The war crimes tribunal in the Hague has had difficulty working with Kosovo

(Keystone)

Carla del Ponte, the former chief prosecutor for the United Nations tribunal for the former Yugoslavia has expressed her surprise at a new court to deal with alleged war crimes committed at the end of the 1990s in Kosovo, notably an illegal organ trade.

In an interview with Swiss Public Radio, SRF, on Thursday, del Ponte said a new tribunal was not needed and added she was “taken aback” that it would actually be based in Kosovo.

A report into the allegations of organ trading was published by Council of Europe envoy and ex-Swiss senator Dick Marty in December 2010. It was then adopted by the Council of Europe in 2011.
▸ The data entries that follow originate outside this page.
text \<open>The second moment method: apply the previous lemma to the nonnegative quadratic
  \<open>t \<mapsto> E (X - t \<one>[X \<noteq> 0])\<^sup>2\<close>.\<close>

lemma expectation_sq_le_prob_nonzero:
  fixes X :: "'a \<Rightarrow> real"
  assumes bounded: "\<And>z. \<bar>X z\<bar> \<le> B"
  shows "(measure_pmf.expectation P X)^2
         \<le> measure_pmf.expectation P (\<lambda>z. X z ^ 2) * measure_pmf.prob P {z. X z \<noteq> 0}"
proof -
  define Y where "Y z = (of_bool (X z \<noteq> 0) :: real)" for z
  have int_X: "integrable (measure_pmf P) X"
    by (rule measure_pmf.integrable_const_bound[where B=B]) (auto simp: bounded)
  have int_X2: "integrable (measure_pmf P) (\<lambda>z. X z ^ 2)"
  proof (rule measure_pmf.integrable_const_bound[where B="B^2"])
    show "AE z in measure_pmf P. norm (X z ^ 2) \<le> B^2" for z
      using power_mono[OF bounded abs_ge_zero, of _ 2] by simp
  qed simp
  have int_Y: "integrable (measure_pmf P) Y"
    by (rule measure_pmf.integrable_const_bound[where B=1]) (auto simp: Y_def)
  have E_Y: "measure_pmf.expectation P Y = measure_pmf.prob P {z. X z \<noteq> 0}"
    unfolding Y_def by (rule expectation_of_bool)
  have "0 \<le> measure_pmf.expectation P (\<lambda>z. X z ^ 2) - 2*t*measure_pmf.expectation P X
            + t^2*measure_pmf.expectation P Y" for t
  proof -
    have square: "(X z - t * Y z)^2 = X z ^ 2 - 2*t*X z + t^2 * Y z" for z
      by (cases "X z = 0") (simp_all add: Y_def power2_eq_square algebra_simps)
    have "0 \<le> measure_pmf.expectation P (\<lambda>z. (X z - t * Y z)^2)"
      by (intro Bochner_Integration.integral_nonneg) simp
    also have "\<dots> = measure_pmf.expectation P (\<lambda>z. X z ^ 2) - 2*t*measure_pmf.expectation P X
                    + t^2*measure_pmf.expectation P Y"
      unfolding square using int_X int_X2 int_Y by simp
    finally show ?thesis .
  qed
  then show ?thesis unfolding E_Y[symmetric]
    by (intro sq_le_of_quadratic_nonneg) (auto simp: Y_def)
qed

text \<open>Median amplification: if each trial succeeds with probability at most 1/4, then by
  Hoeffding more than half of \<open>T\<close> independent trials succeed with probability at most
  \<open>exp (-T/8) \<le> \<Delta>\<close>.\<close>

lemma prob_median_is_one_le:
  fixes H :: "'a pmf" and Q :: "'a \<Rightarrow> bool"
  assumes p: "measure_pmf.prob H {h. Q h} \<le> 1/4" and \<Delta>: "0 < \<Delta>" "\<Delta> < 1"
    and T: "real T \<ge> 24 * ln (1/\<Delta>)"
  shows "measure_pmf.prob (Pi_pmf {..<T} d (\<lambda>_. H)) {hs. median_is_one T (\<lambda>t. Q (hs t))} \<le> \<Delta>"
proof -
  define P where "P = Pi_pmf {..<T} d (\<lambda>_. H)"
  define X where "X = (\<lambda>t (hs :: nat \<Rightarrow> 'a). of_bool (Q (hs t)) :: real)"
  define \<mu> where "\<mu> = (\<Sum>t\<in>{..<T}. measure_pmf.expectation P (X t))"
  have "ln (1/\<Delta>) > 0" using \<Delta> by simp
  then have T_pos: "real T > 0" using T by linarith
  have "measure_pmf.expectation P (X t) = measure_pmf.prob H {h. Q h}" if "t < T" for t
  proof -
    have "measure_pmf.expectation P (X t) = measure_pmf.expectation (map_pmf (\<lambda>hs. hs t) P) (\<lambda>h. of_bool (Q h))"
      by (simp add: X_def)
    also have "map_pmf (\<lambda>hs. hs t) P = H" using that by (simp add: P_def Pi_pmf_component)
    finally show ?thesis by (simp add: expectation_of_bool)
  qed
  then have "\<mu> = real T * measure_pmf.prob H {h. Q h}" by (simp add: \<mu>_def)
  then have \<mu>: "\<mu> \<le> real T / 4" using p T_pos by simp
  interpret Hoeffding_ineq "measure_pmf P" "{..<T}" X "\<lambda>_. 0" "\<lambda>_. 1" \<mu>
  proof unfold_locales
    show "prob_space.indep_vars (measure_pmf P) (\<lambda>_. borel) X {..<T}"
      using prob_space.indep_vars_compose2[OF measure_pmf.prob_space_axioms
          indep_vars_Pi_pmf[of "{..<T}" d "\<lambda>_. H"], of "\<lambda>_ h. of_bool (Q h) :: real" "\<lambda>_. borel"]
      by (simp add: X_def P_def)
  qed (auto simp: \<mu>_def X_def)
  have "{hs. median_is_one T (\<lambda>t. Q (hs t))} \<subseteq> {hs \<in> space (measure_pmf P). (\<Sum>t<T. X t hs) \<ge> \<mu> + T/4}"
  proof safe
    fix hs assume "median_is_one T (\<lambda>t. Q (hs t))"
    then have "real (card {t. t < T \<and> Q (hs t)}) > T/2" by (simp add: median_is_one_def)
    moreover have "(\<Sum>t<T. X t hs) = real (card {t. t < T \<and> Q (hs t)})"
      by (simp add: X_def Int_def)
    ultimately show "(\<Sum>t<T. X t hs) \<ge> \<mu> + T/4" using \<mu> by linarith
  qed simp
  then have "measure_pmf.prob P {hs. median_is_one T (\<lambda>t. Q (hs t))}
      \<le> measure_pmf.prob P {hs \<in> space (measure_pmf P). (\<Sum>t<T. X t hs) \<ge> \<mu> + T/4}"
    by (rule measure_pmf.finite_measure_mono) simp
  also have "\<dots> \<le> exp (-2 * (T/4)\<^sup>2 / (\<Sum>t<T. (1 - 0)\<^sup>2))"
    using Hoeffding_ineq_ge[of "T/4"] T_pos by simp
  also have "\<dots> = exp (- (T/8))"
    using T_pos by (simp add: power2_eq_square)
  also have "\<dots> \<le> exp (ln \<Delta>)"
  proof -
    have "ln \<Delta> < 0" and "- (24 * ln \<Delta>) \<le> T" using T \<Delta> by (simp_all add: ln_div)
    then show ?thesis by simp
  qed
  also have "\<dots> = \<Delta>" using \<Delta> by simp
  finally show ?thesis unfolding P_def .
qed

section \<open>Random parity checks\<close>

definition bool_sign :: "bool \<Rightarrow> real" where
  "bool_sign v = (if v then -1 else 1)"

lemma abs_bool_sign [simp]: "\<bar>bool_sign v\<bar> = 1"
  by (simp add: bool_sign_def)

lemma neg_one_power_card_filter:
  assumes "finite J"
  shows "(-1::real) ^ card {j\<in>J. P j} = (\<Prod>j\<in>J. bool_sign (P j))"
proof -
  have "(\<Prod>j\<in>J. bool_sign (P j)) = (\<Prod>j\<in>J \<inter> {j. P j}. -1) * (\<Prod>j\<in>J \<inter> - {j. P j}. 1)"
    unfolding bool_sign_def by (rule prod.If_cases) fact
  also have "J \<inter> {j. P j} = {j\<in>J. P j}" by auto
  finally show ?thesis by simp
qed

lemma expectation_prod_bool_sign:
  assumes "finite K" "J \<subseteq> K" "0 \<le> f" "f \<le> 1"
  shows "measure_pmf.expectation (Pi_pmf K d (\<lambda>_. bernoulli_pmf f)) (\<lambda>A. \<Prod>k\<in>J. bool_sign (A k))
       = (1 - 2*f) ^ card J"
proof -
  have restrict: "(\<Prod>k\<in>J. g k) = (\<Prod>k\<in>K. if k \<in> J then g k else 1)" for g :: "_ \<Rightarrow> real"
    using assms(1,2) by (simp add: prod.If_cases Int_absorb1)
  have "measure_pmf.expectation (Pi_pmf K d (\<lambda>_. bernoulli_pmf f)) (\<lambda>A. \<Prod>k\<in>J. bool_sign (A k))
      = (\<Prod>k\<in>K. measure_pmf.expectation (bernoulli_pmf f) (\<lambda>v. if k \<in> J then bool_sign v else 1))"
    unfolding restrict by (rule expectation_prod_Pi_pmf_bounded[where c=1]) (simp_all add: assms(1))
  also have "\<dots> = (\<Prod>k\<in>K. if k \<in> J then 1 - 2*f else 1)"
    using assms(3,4) by (intro prod.cong refl) (simp add: bool_sign_def)
  finally show ?thesis by (simp flip: restrict)
qed

text \<open>Expanding the product over rows, each monomial is a product of independent signs.\<close>

lemma expectation_prod_rows:
  assumes N: "finite N" "D \<subseteq> N" and f: "0 \<le> f" "f \<le> 1"
  shows "measure_pmf.expectation (Pi_pmf ({..<m} \<times> N) d (\<lambda>_. bernoulli_pmf f))
           (\<lambda>A. \<Prod>i<m. (1 + (\<Prod>j\<in>D. bool_sign (A (i,j)))) / 2)
       = ((1 + (1 - 2*f) ^ card D) / 2) ^ m"
proof -
  define c where "c = (1 - 2*f) ^ card D"
  have expand: "(\<Prod>i<m. (1 + (\<Prod>j\<in>D. bool_sign (A (i,j)))) / 2)
      = (\<Sum>I\<in>Pow {..<m}. \<Prod>k\<in>I \<times> D. bool_sign (A k)) / 2^m" for A
  proof -
    have "(\<Prod>i<m. (1 + (\<Prod>j\<in>D. bool_sign (A (i,j)))) / 2)
        = (\<Prod>i<m. (\<Prod>j\<in>D. bool_sign (A (i,j))) + 1) / 2^m"
      unfolding prod_dividef by (simp add: add.commute)
    also have "(\<Prod>i<m. (\<Prod>j\<in>D. bool_sign (A (i,j))) + 1)
        = (\<Sum>I\<in>Pow {..<m}. (\<Prod>i\<in>I. \<Prod>j\<in>D. bool_sign (A (i,j))) * (\<Prod>i\<in>{..<m}-I. 1))"
      by (rule prod_add) simp
    also have "\<dots> = (\<Sum>I\<in>Pow {..<m}. \<Prod>k\<in>I \<times> D. bool_sign (A k))"
      by (simp add: prod.cartesian_product case_prod_beta)
    finally show ?thesis .
  qed
  have monomial: "measure_pmf.expectation (Pi_pmf ({..<m} \<times> N) d (\<lambda>_. bernoulli_pmf f))
      (\<lambda>A. \<Prod>k\<in>I \<times> D. bool_sign (A k)) = c ^ card I" if "I \<subseteq> {..<m}" for I
  proof -
    have sub: "I \<times> D \<subseteq> {..<m} \<times> N" using that N(2) by auto
    have "measure_pmf.expectation (Pi_pmf ({..<m} \<times> N) d (\<lambda>_. bernoulli_pmf f))
        (\<lambda>A. \<Prod>k\<in>I \<times> D. bool_sign (A k)) = (1 - 2*f) ^ card (I \<times> D)"
      by (rule expectation_prod_bool_sign[OF finite_cartesian_product[OF finite_lessThan N(1)] sub f])
    then show ?thesis
      by (simp add: c_def card_cartesian_product mult.commute[of "card I"] power_mult)
  qed
  have "measure_pmf.expectation (Pi_pmf ({..<m} \<times> N) d (\<lambda>_. bernoulli_pmf f))
           (\<lambda>A. \<Prod>i<m. (1 + (\<Prod>j\<in>D. bool_sign (A (i,j)))) / 2)
      = (\<Sum>I\<in>Pow {..<m}. measure_pmf.expectation (Pi_pmf ({..<m} \<times> N) d (\<lambda>_. bernoulli_pmf f))
           (\<lambda>A. \<Prod>k\<in>I \<times> D. bool_sign (A k))) / 2^m"
    unfolding expand integral_divide_zero
    by (subst Bochner_Integration.integral_sum)
       (auto intro!: measure_pmf.integrable_const_bound[where B=1] simp: abs_prod)
  also have "\<dots> = (\<Sum>I\<in>Pow {..<m}. c ^ card I) / 2^m"
    by (simp add: monomial)
  also have "(\<Sum>I\<in>Pow {..<m}. c ^ card I) = (c + 1) ^ m"
    using prod_add[of "{..<m}" "\<lambda>_. c" "\<lambda>_. 1"] by simp
  finally show ?thesis by (simp add: c_def power_divide add.commute[of 1])
qed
The document was controversial as it alleged that senior Kosovo Liberation Army (KLA) commanders, including the current prime minister, Hashim Thaci, had been involved in organised crime and organ trafficking during and after the war.

Kosovo’s parliament decided on Wednesday to set up the new tribunal, which will deal specifically with crimes allegedly committed by the KLA in the country between 1998 and 1999.

Del Ponte said that even though the existing tribunal in the Hague had existed for years, it had struggled with a lack of co-operation from Kosovo.

“Witnesses have to give testimony in court, and when the court is in Kosovo it will be even more difficult than it was in the Hague. Witnesses are threatened and put under pressure,” del Ponte told SRF.

She added that this was a major hindrance to progress.